Copy out all lines of the records in which the word "cong" appears.

_ _ _ _ _ _ _

(* Let $n\ge1$ be an integer and $\beta>0$, $J>0$, $H\in\mathbb{R}$. Let $P=S_3(123,321)=\{132,213,231,312\}\subset S_3$. For $\pi\in S_3$ let $\mathrm{CDdes}(\pi)=\mathrm{des}(\pi)+\mathrm{des}(\pi^{-1})$, where $\mathrm{des}(\pi)$ is the number of $i\in\{1,2\}$ with $\pi(i)>\pi(i+1)$; put $\phi(\alpha,\sigma)=1-\tfrac12\mathrm{CDdes}(\alpha^{-1}\sigma)$ and $\phi(\pi)=1-\tfrac12\mathrm{CDdes}(\pi)$. For $\vec\pi=(\pi^{(1)},\ldots,\pi^{(n)})\in P^n$ with $\pi^{(n+1)}:=\pi^{(1)}$, let $\mathcal{H}(\vec\pi)=-J\sum_{i=1}^n\phi(\pi^{(i)},\pi^{(i+1)})-H\sum_{i=1}^n\phi(\pi^{(i)})$ and $Z_n(\beta)=\sum_{\vec\pi\in P^n}\exp(-\beta\mathcal{H}(\vec\pi))$. Then $$Z_n(\beta)=e^{\beta Jn}\left(2(1-e^{-\beta J})^{n}(1+e^{-\beta J})^{n}+(1-e^{-\beta J})^{2n}+(1+e^{-\beta J})^{2n}\right),$$ and the free energy $f(\beta):=-\lim_{n\to\infty}\frac{1}{\beta n}\ln Z_n(\beta)$ equals $$f(\beta)=-J-\frac{2}{\beta}\ln\left(1+e^{-\beta J}\right).$$
   Context: Permutations of $\{1,2,3\}$ are written in one-line notation $\pi(1)\pi(2)\pi(3)$ and composed as functions, $(\alpha^{-1}\sigma)(x)=\alpha^{-1}(\sigma(x))$. This is the 1D 3-permaspin model on a ring of $n$ sites with permaspins restricted to $P$, in an external field $H$. *)

theory Defs
  imports Complex_Main
begin

text \<open>Permutations of {1,2,3} are functions nat => nat permuting {1,2,3} and fixing
everything else. perm_of_list [a,b,c] is the permutation with one-line notation abc.\<close>

definition perm_of_list :: "nat list \<Rightarrow> (nat \<Rightarrow> nat)" where
  "perm_of_list l = (\<lambda>x. if x \<in> {1,2,3} then l ! (x - 1) else x)"

definition P :: "(nat \<Rightarrow> nat) set" where
  "P = {perm_of_list [1,3,2], perm_of_list [2,1,3], perm_of_list [2,3,1], perm_of_list [3,1,2]}"

definition des :: "(nat \<Rightarrow> nat) \<Rightarrow> nat" where
  "des \<pi> = card {i \<in> {1::nat,2}. \<pi> i > \<pi> (i + 1)}"

definition CDdes :: "(nat \<Rightarrow> nat) \<Rightarrow> nat" where
  "CDdes \<pi> = des \<pi> + des (inv \<pi>)"

definition phi1 :: "(nat \<Rightarrow> nat) \<Rightarrow> real" where
  "phi1 \<pi> = 1 - real (CDdes \<pi>) / 2"

definition phi2 :: "(nat \<Rightarrow> nat) \<Rightarrow> (nat \<Rightarrow> nat) \<Rightarrow> real" where
  "phi2 \<alpha> \<sigma> = 1 - real (CDdes (inv \<alpha> \<circ> \<sigma>)) / 2"

text \<open>Configurations on the ring: lists of length n with entries in P; site i+1 is
list index i, and pi^(n+1) = pi^(1) via index (i+1) mod n.\<close>
definition configs :: "nat \<Rightarrow> (nat \<Rightarrow> nat) list set" where
  "configs n = {xs. length xs = n \<and> set xs \<subseteq> P}"

definition hamiltonian :: "real \<Rightarrow> real \<Rightarrow> (nat \<Rightarrow> nat) list \<Rightarrow> real" where
  "hamiltonian J H xs =
     - J * (\<Sum>i<length xs. phi2 (xs ! i) (xs ! ((i + 1) mod length xs)))
     - H * (\<Sum>i<length xs. phi1 (xs ! i))"

definition Z :: "real \<Rightarrow> real \<Rightarrow> nat \<Rightarrow> real \<Rightarrow> real" where
  "Z J H n \<beta> = (\<Sum>xs\<in>configs n. exp (- \<beta> * hamiltonian J H xs))"

end

theory Submission
  imports Defs
begin

(*
  Encode the four permaspins of P by pairs of Ising spins (perm_of_spins): for alpha, sigma in P,
  CDdes (alpha^-1 sigma) is twice the Hamming distance of their spin pairs, and CDdes = 2 on P,
  so the field term vanishes and the model is a ring of spin pairs with transfer weight
  x ^ (Hamming distance), x = exp (- beta J), up to the factor exp (beta J) per bond.
  The characters of Z_2 x Z_2 diagonalise this 4 x 4 transfer matrix with eigenvalues
  (1 +- x)(1 +- x), so Z_n = exp (beta J n) ((1 + x)^n + (1 - x)^n)^2, and the free energy is
  governed by the dominant eigenvalue (1 + x)^2.
*)

fun walk_weight :: "('a \<Rightarrow> 'a \<Rightarrow> 'b::monoid_mult) \<Rightarrow> 'a \<Rightarrow> 'a list \<Rightarrow> 'a \<Rightarrow> 'b" where
  "walk_weight f a [] b = f a b"
| "walk_weight f a (c # l) b = f a c * walk_weight f c l b"

lemma sum_lists_length_Suc:
  fixes g :: "'a::finite list \<Rightarrow> 'b::comm_monoid_add"
  shows "(\<Sum>l | length l = Suc m. g l) = (\<Sum>c\<in>UNIV. \<Sum>l | length l = m. g (c # l))"
proof -
  have lists: "{l. length l = Suc m} = (\<lambda>(c, l). c # l) ` (UNIV \<times> {l. length l = m})"
    by (auto simp: length_Suc_conv)
  have "inj_on (\<lambda>(c, l). c # l) (UNIV \<times> {l :: 'a list. length l = m})"
    by (auto simp: inj_on_def)
  then show ?thesis
    unfolding lists by (simp add: sum.reindex sum.cartesian_product prod.case_distrib)
qed

lemma sum_walk_weight_spectral:
  fixes f :: "'a::finite \<Rightarrow> 'a \<Rightarrow> 'b::comm_semiring_1" and lam :: "'k::finite \<Rightarrow> 'b"
  assumes decomp: "\<And>a b. f a b = (\<Sum>k\<in>UNIV. lam k * u k a * v k b)"
    and biorth: "\<And>j k. (\<Sum>c\<in>UNIV. v j c * u k c) = (if j = k then 1 else 0)"
  shows "(\<Sum>l | length l = m. walk_weight f a l b) = (\<Sum>k\<in>UNIV. lam k ^ Suc m * u k a * v k b)"
proof (induction m arbitrary: a)
  case 0
  then show ?case by (simp add: decomp)
next
  case (Suc m)
  have "(\<Sum>l | length l = Suc m. walk_weight f a l b)
      = (\<Sum>c\<in>UNIV. (\<Sum>j\<in>UNIV. lam j * u j a * v j c)
                     * (\<Sum>k\<in>UNIV. lam k ^ Suc m * u k c * v k b))"
    by (simp only: sum_lists_length_Suc walk_weight.simps flip: sum_distrib_left)
      (simp add: Suc.IH decomp)
  also have "\<dots> = (\<Sum>c\<in>UNIV. \<Sum>j\<in>UNIV. \<Sum>k\<in>UNIV.
                      lam j * lam k ^ Suc m * u j a * v k b * (v j c * u k c))"
    by (simp only: sum_product) (simp only: ac_simps)
  also have "\<dots> = (\<Sum>j\<in>UNIV. \<Sum>k\<in>UNIV. \<Sum>c\<in>UNIV.
                      lam j * lam k ^ Suc m * u j a * v k b * (v j c * u k c))"
    by (subst sum.swap) (rule sum.cong[OF refl], rule sum.swap)
  also have "\<dots> = (\<Sum>j\<in>UNIV. \<Sum>k\<in>UNIV.
                      lam j * lam k ^ Suc m * u j a * v k b * (\<Sum>c\<in>UNIV. v j c * u k c))"
    by (simp only: sum_distrib_left)
  also have "\<dots> = (\<Sum>k\<in>UNIV. lam k ^ Suc (Suc m) * u k a * v k b)"
    by (simp only: biorth) (simp add: if_distrib[of "times _"] ac_simps cong: if_cong)
  finally show ?case .
qed

lemma walk_weight_eq_prod:
  "walk_weight f a l b = (\<Prod>i<Suc (length l). f ((a # l) ! i) ((l @ [b]) ! i))"
  by (induction l arbitrary: a) (simp_all add: prod.lessThan_Suc_shift del: prod.lessThan_Suc)

lemma sum_cyclic_prod_spectral:
  fixes f :: "'a::finite \<Rightarrow> 'a \<Rightarrow> 'b::comm_semiring_1" and lam :: "'k::finite \<Rightarrow> 'b"
  assumes decomp: "\<And>a b. f a b = (\<Sum>k\<in>UNIV. lam k * u k a * v k b)"
    and biorth: "\<And>j k. (\<Sum>c\<in>UNIV. v j c * u k c) = (if j = k then 1 else 0)"
    and "0 < n"
  shows "(\<Sum>xs | length xs = n. \<Prod>i<n. f (xs ! i) (xs ! ((i + 1) mod n))) = (\<Sum>k\<in>UNIV. lam k ^ n)"
proof -
  obtain m where n: "n = Suc m"
    using \<open>0 < n\<close> gr0_implies_Suc by blast
  have cyclic_walk: "(\<Prod>i<n. f ((a # l) ! i) ((a # l) ! ((i + 1) mod n))) = walk_weight f a l a"
    if "length l = m" for a l
  proof -
    have "(a # l) ! ((i + 1) mod n) = (l @ [a]) ! i" if "i < n" for i
      using nth_rotate1[of i "a # l"] that \<open>length l = m\<close> n by simp
    then show ?thesis
      using \<open>length l = m\<close> n by (simp add: walk_weight_eq_prod del: prod.lessThan_Suc)
  qed
  have "(\<Sum>xs | length xs = n. \<Prod>i<n. f (xs ! i) (xs ! ((i + 1) mod n)))
      = (\<Sum>a\<in>UNIV. \<Sum>l | length l = m. walk_weight f a l a)"
    unfolding n sum_lists_length_Suc by (intro sum.cong refl cyclic_walk[unfolded n]) simp
  also have "\<dots> = (\<Sum>a\<in>UNIV. \<Sum>k\<in>UNIV. lam k ^ n * (v k a * u k a))"
    by (simp add: sum_walk_weight_spectral[OF decomp biorth] n ac_simps)
  also have "\<dots> = (\<Sum>k\<in>UNIV. lam k ^ n)"
    by (subst sum.swap) (simp add: biorth flip: sum_distrib_left)
  finally show ?thesis .
qed

lemma power_add_power_pos:
  fixes a b :: real
  assumes "\<bar>b\<bar> < a"
  shows "0 < a ^ n + b ^ n"
proof (cases "n = 0")
  case False
  then have "\<bar>b\<bar> ^ n < a ^ n"
    using assms by (simp add: power_strict_mono)
  moreover have "- (b ^ n) \<le> \<bar>b\<bar> ^ n"
    by (metis abs_ge_minus_self power_abs)
  ultimately show ?thesis
    by linarith
qed simp

lemma ln_power_add_power_div_tendsto:
  fixes a b :: real
  assumes "\<bar>b\<bar> < a"
  shows "(\<lambda>n. ln (a ^ n + b ^ n) / real n) \<longlonglongrightarrow> ln a"
proof -
  define r where "r = b / a"
  have "0 < a"
    using assms by linarith
  have "\<bar>r\<bar> < 1"
    using assms \<open>0 < a\<close> by (simp add: r_def abs_divide)
  have log_split: "ln (a ^ n + b ^ n) / real n = ln a + ln (1 + r ^ n) / real n" if "0 < n" for n
  proof -
    have factor: "a ^ n + b ^ n = a ^ n * (1 + r ^ n)"
      using \<open>0 < a\<close> by (simp add: r_def power_divide distrib_left)
    have "0 < 1 + r ^ n"
      using power_add_power_pos[OF \<open>\<bar>r\<bar> < 1\<close>, of n] by simp
    then have "ln (a ^ n + b ^ n) = real n * ln a + ln (1 + r ^ n)"
      unfolding factor using \<open>0 < a\<close> by (simp add: ln_mult ln_realpow)
    then show ?thesis
      using that by (simp add: add_divide_distrib)
  qed
  have "(\<lambda>n. r ^ n) \<longlonglongrightarrow> 0"
    using \<open>\<bar>r\<bar> < 1\<close> by (intro LIMSEQ_power_zero) simp
  then have "(\<lambda>n. ln (1 + r ^ n)) \<longlonglongrightarrow> ln (1 + 0)"
    by (intro tendsto_ln tendsto_add tendsto_const) simp_all
  then have "(\<lambda>n. ln (1 + r ^ n) / real n) \<longlonglongrightarrow> 0"
    by (rule tendsto_divide_0) (rule filterlim_at_top_imp_at_infinity[OF filterlim_real_sequentially])
  then have "(\<lambda>n. ln a + ln (1 + r ^ n) / real n) \<longlonglongrightarrow> ln a + 0"
    by (intro tendsto_add tendsto_const)
  moreover have "\<forall>\<^sub>F n in sequentially. ln a + ln (1 + r ^ n) / real n = ln (a ^ n + b ^ n) / real n"
    using eventually_gt_at_top[of 0] by eventually_elim (rule log_split[symmetric])
  ultimately have "(\<lambda>n. ln (a ^ n + b ^ n) / real n) \<longlonglongrightarrow> ln a + 0"
    by (rule Lim_transform_eventually)
  then show ?thesis
    by simp
qed

lemma perm_of_list_apply:
  "perm_of_list [a, b, c] x = (if x = 1 then a else if x = 2 then b else if x = 3 then c else x)"
  by (simp add: perm_of_list_def)

lemma des_eq_of_bool: "des \<pi> = of_bool (\<pi> 2 < \<pi> 1) + of_bool (\<pi> 3 < \<pi> 2)"
proof -
  have "{i \<in> {1, 2}. \<pi> (i + 1) < \<pi> i}
      = (if \<pi> 2 < \<pi> 1 then {1} else {}) \<union> (if \<pi> 3 < \<pi> 2 then {2} else {})"
    by (auto simp: numeral_2_eq_2 numeral_3_eq_3)
  then show ?thesis
    by (simp add: des_def)
qed

lemma CDdes_inv_comp:
  assumes "bij \<alpha>" and "bij \<sigma>"
  shows "CDdes (inv \<alpha> \<circ> \<sigma>) = des (inv \<alpha> \<circ> \<sigma>) + des (inv \<sigma> \<circ> \<alpha>)"
  using assms by (simp add: CDdes_def o_inv_distrib bij_imp_bij_inv inv_inv_eq)

fun perm_of_spins :: "bool \<times> bool \<Rightarrow> nat \<Rightarrow> nat" where
  "perm_of_spins (False, False) = perm_of_list [1, 3, 2]"
| "perm_of_spins (False, True) = perm_of_list [2, 1, 3]"
| "perm_of_spins (True, False) = perm_of_list [3, 1, 2]"
| "perm_of_spins (True, True) = perm_of_list [2, 3, 1]"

_ _ _ _ _ _ _

§ **ANSWER**
    by (subst sum.swap) (rule sum.cong[OF refl], rule sum.swap)
    by (simp only: biorth) (simp add: if_distrib[of "times _"] ac_simps cong: if_cong)
    unfolding n sum_lists_length_Suc by (intro sum.cong refl cyclic_walk[unfolded n]) simp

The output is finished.